*WORK TASK:* Could you set down exactly the lines in the records below between the line holding "by (simp add: map_bind_pmf" and the line holding "by (simp add: Suc.IH bind_map_pmf)", inclusive?

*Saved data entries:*
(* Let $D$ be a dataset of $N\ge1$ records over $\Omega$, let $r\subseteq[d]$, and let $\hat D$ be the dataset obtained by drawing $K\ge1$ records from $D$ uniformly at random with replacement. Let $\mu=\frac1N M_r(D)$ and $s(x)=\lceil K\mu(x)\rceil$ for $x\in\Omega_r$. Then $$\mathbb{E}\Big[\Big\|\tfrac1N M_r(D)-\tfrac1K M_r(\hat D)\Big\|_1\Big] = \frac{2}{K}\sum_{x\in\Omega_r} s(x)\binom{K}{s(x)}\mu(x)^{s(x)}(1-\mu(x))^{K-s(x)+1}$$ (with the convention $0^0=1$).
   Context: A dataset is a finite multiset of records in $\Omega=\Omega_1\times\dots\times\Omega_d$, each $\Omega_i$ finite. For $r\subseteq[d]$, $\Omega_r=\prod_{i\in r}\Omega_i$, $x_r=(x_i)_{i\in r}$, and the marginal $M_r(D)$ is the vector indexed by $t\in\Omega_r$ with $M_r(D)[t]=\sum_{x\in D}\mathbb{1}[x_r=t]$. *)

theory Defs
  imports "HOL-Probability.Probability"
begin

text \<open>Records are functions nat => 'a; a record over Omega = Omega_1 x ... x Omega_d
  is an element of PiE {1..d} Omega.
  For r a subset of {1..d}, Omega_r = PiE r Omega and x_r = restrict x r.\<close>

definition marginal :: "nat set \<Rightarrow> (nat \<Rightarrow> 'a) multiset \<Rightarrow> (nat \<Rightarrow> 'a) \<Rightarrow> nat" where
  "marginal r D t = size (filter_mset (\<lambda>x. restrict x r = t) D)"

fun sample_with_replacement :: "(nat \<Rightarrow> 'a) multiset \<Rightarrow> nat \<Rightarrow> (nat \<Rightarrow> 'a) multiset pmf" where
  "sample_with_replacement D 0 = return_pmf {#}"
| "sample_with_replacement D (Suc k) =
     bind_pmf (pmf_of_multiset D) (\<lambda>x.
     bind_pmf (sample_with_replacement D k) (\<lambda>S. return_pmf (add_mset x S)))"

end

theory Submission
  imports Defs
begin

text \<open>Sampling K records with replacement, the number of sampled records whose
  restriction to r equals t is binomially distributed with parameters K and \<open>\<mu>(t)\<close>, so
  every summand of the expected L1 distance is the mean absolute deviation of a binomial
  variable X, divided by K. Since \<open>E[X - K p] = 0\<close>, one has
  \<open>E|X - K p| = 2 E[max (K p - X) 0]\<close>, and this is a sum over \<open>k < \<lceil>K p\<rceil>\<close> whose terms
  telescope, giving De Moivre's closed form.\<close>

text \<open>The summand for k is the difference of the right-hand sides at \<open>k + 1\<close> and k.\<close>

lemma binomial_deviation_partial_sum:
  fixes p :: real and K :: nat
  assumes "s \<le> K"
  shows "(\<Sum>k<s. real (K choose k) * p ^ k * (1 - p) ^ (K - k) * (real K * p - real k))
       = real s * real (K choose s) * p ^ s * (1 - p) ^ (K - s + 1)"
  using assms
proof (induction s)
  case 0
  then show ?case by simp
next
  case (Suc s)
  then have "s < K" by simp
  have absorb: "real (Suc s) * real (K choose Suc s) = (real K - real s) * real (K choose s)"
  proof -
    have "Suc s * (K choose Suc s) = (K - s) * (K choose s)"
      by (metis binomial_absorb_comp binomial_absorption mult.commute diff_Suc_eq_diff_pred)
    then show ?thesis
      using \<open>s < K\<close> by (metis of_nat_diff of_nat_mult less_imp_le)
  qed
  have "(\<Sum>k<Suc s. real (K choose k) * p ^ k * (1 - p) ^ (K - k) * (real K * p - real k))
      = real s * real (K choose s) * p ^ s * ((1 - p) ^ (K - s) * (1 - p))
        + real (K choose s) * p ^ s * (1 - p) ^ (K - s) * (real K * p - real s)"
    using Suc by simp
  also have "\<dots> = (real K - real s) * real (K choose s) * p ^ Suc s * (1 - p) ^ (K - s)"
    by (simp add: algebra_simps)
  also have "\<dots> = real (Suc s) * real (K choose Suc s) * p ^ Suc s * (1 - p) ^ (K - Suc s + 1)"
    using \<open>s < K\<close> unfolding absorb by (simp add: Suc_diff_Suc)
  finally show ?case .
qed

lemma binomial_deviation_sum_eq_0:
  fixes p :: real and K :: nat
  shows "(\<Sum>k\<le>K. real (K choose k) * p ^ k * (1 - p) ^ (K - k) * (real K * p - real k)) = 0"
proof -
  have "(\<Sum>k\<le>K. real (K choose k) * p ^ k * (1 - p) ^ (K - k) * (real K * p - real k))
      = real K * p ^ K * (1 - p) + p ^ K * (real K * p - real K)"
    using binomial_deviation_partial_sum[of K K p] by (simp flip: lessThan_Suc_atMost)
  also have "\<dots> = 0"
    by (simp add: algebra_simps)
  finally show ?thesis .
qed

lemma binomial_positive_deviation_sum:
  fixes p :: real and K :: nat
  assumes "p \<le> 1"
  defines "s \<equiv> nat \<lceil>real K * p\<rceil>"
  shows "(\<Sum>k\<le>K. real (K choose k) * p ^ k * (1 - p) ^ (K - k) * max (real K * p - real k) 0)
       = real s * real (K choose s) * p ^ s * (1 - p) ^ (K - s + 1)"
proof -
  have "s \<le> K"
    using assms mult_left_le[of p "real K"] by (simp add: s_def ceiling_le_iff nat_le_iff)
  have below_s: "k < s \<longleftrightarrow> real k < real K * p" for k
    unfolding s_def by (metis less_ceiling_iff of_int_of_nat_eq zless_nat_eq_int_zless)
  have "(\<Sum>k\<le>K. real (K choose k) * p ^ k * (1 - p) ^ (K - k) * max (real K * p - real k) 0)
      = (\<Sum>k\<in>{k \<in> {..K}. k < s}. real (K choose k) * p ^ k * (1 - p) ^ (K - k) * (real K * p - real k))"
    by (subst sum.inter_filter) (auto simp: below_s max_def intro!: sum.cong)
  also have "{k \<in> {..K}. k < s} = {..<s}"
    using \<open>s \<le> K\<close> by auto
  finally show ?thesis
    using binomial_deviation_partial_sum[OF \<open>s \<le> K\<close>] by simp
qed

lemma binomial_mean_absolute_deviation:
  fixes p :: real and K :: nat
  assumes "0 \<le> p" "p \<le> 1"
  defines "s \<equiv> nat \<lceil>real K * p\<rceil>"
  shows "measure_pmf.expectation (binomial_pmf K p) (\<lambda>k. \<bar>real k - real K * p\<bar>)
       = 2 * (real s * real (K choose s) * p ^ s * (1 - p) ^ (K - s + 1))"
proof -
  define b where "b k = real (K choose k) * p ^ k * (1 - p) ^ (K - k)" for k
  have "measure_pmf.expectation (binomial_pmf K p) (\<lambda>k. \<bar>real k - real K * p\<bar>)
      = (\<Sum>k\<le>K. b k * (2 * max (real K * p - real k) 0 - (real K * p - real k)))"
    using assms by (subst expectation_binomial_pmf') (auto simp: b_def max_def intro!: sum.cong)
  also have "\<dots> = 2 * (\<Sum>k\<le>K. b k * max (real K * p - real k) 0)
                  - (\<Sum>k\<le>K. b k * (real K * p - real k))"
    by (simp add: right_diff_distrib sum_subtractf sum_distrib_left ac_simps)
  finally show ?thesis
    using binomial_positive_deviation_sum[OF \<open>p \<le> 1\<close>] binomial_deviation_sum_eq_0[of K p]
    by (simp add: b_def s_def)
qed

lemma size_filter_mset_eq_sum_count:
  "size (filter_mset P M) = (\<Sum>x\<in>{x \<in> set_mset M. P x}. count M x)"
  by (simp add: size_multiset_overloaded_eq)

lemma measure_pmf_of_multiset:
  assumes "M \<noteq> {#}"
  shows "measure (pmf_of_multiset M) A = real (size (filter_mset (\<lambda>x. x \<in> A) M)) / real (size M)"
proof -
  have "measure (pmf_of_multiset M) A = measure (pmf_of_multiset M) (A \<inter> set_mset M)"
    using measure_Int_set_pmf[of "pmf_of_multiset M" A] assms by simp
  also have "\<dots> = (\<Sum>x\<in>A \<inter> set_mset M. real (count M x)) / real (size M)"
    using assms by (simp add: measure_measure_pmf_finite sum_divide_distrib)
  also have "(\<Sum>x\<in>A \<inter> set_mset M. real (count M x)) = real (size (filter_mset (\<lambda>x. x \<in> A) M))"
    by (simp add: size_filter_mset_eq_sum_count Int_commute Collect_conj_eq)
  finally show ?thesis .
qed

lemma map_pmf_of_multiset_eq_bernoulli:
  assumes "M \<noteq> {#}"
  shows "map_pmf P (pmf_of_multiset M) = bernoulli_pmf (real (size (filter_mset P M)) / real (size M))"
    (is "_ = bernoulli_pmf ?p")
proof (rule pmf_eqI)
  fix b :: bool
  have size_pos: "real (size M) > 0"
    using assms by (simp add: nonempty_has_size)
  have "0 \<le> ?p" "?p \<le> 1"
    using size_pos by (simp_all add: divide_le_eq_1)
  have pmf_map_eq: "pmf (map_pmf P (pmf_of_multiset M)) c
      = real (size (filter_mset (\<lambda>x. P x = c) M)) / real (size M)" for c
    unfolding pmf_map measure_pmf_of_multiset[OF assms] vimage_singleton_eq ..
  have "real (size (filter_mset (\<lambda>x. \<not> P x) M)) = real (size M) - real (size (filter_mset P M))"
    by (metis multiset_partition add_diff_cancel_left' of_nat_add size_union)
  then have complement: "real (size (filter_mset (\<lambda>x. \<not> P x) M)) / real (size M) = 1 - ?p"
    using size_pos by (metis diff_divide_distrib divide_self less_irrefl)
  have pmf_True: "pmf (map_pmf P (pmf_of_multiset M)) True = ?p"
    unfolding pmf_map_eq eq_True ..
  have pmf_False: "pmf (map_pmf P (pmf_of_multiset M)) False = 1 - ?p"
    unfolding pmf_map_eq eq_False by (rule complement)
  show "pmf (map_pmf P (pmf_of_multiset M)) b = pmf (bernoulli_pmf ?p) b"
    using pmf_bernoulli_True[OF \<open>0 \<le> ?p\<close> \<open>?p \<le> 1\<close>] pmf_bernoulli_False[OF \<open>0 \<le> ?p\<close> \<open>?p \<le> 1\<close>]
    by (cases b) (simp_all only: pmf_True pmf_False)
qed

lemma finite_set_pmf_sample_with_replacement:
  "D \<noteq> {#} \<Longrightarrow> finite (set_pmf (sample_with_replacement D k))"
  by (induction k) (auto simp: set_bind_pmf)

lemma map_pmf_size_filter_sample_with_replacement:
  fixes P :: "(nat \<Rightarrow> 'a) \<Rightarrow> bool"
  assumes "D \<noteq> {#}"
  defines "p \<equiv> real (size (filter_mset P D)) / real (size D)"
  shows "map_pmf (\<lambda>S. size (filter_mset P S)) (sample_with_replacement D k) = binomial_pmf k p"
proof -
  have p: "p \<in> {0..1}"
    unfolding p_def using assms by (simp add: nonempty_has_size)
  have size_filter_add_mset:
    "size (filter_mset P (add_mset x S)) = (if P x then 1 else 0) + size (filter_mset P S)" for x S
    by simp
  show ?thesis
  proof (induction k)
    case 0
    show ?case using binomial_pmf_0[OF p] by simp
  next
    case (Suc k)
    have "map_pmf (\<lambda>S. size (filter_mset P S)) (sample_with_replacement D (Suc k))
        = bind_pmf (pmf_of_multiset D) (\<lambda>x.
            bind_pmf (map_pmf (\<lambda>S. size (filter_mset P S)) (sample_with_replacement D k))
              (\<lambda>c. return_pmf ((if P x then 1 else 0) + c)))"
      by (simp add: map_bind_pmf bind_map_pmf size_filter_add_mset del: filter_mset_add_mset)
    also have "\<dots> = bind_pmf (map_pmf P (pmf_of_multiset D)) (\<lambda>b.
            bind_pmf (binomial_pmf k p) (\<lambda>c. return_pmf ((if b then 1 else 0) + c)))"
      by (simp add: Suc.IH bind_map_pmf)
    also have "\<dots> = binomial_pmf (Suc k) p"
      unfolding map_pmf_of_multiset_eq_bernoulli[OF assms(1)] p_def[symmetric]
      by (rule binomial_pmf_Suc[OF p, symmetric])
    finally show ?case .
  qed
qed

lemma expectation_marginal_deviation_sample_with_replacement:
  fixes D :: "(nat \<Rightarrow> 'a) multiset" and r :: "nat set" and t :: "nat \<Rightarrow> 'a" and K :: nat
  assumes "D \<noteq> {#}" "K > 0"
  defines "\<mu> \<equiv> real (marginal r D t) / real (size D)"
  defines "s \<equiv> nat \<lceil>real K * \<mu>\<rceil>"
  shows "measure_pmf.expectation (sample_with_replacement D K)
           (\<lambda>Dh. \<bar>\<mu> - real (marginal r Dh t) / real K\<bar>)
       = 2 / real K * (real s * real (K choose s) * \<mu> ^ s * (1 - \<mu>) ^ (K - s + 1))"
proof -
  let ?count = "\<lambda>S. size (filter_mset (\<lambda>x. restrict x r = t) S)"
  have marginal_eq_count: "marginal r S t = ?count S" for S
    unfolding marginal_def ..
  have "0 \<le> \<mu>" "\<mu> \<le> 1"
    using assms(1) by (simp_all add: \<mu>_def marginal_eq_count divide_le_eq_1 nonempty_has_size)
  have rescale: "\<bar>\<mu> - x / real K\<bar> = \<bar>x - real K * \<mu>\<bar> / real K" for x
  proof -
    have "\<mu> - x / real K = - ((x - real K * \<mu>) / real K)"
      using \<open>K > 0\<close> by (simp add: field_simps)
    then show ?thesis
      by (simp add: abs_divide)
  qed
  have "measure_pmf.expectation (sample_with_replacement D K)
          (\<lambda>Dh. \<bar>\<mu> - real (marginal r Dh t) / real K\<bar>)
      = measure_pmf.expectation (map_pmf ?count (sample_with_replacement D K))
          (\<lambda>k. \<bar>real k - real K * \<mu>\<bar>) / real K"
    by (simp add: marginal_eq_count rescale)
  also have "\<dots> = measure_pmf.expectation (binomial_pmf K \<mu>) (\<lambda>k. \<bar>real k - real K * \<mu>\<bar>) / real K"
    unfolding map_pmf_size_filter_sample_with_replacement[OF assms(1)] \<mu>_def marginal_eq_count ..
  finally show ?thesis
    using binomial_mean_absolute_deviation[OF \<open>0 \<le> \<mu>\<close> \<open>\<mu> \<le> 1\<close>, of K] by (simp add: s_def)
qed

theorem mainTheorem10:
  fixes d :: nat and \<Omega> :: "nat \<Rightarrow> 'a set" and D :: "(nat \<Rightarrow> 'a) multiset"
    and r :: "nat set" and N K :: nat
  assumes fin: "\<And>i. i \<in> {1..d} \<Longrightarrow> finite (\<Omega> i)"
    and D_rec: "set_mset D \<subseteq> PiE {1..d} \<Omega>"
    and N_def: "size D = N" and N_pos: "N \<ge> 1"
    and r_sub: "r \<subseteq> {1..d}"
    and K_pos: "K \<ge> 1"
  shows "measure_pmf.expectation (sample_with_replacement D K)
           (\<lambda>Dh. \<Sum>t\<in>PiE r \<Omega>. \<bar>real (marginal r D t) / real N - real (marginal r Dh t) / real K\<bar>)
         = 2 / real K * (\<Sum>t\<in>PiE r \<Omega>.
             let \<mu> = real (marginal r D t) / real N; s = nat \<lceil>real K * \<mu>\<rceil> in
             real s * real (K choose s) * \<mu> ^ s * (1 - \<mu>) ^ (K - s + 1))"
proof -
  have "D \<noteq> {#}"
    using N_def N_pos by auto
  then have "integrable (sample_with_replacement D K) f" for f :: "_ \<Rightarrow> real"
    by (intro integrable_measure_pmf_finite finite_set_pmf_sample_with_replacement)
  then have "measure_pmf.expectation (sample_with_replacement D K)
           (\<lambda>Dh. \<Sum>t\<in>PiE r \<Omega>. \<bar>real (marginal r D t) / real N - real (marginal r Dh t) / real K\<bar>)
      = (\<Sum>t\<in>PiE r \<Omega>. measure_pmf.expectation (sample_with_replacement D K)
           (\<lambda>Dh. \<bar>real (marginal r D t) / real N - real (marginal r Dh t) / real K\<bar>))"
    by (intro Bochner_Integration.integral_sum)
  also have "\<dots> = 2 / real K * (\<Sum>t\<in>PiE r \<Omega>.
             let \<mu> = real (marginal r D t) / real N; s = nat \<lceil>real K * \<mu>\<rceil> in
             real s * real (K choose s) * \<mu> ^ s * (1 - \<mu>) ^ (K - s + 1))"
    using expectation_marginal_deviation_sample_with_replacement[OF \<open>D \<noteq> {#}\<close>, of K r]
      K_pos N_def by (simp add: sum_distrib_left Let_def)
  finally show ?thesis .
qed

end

*ANSWER SPACE:*
      by (simp add: map_bind_pmf bind_map_pmf size_filter_add_mset del: filter_mset_add_mset)
    also have "\<dots> = bind_pmf (map_pmf P (pmf_of_multiset D)) (\<lambda>b.
            bind_pmf (binomial_pmf k p) (\<lambda>c. return_pmf ((if b then 1 else 0) + c)))"
      by (simp add: Suc.IH bind_map_pmf)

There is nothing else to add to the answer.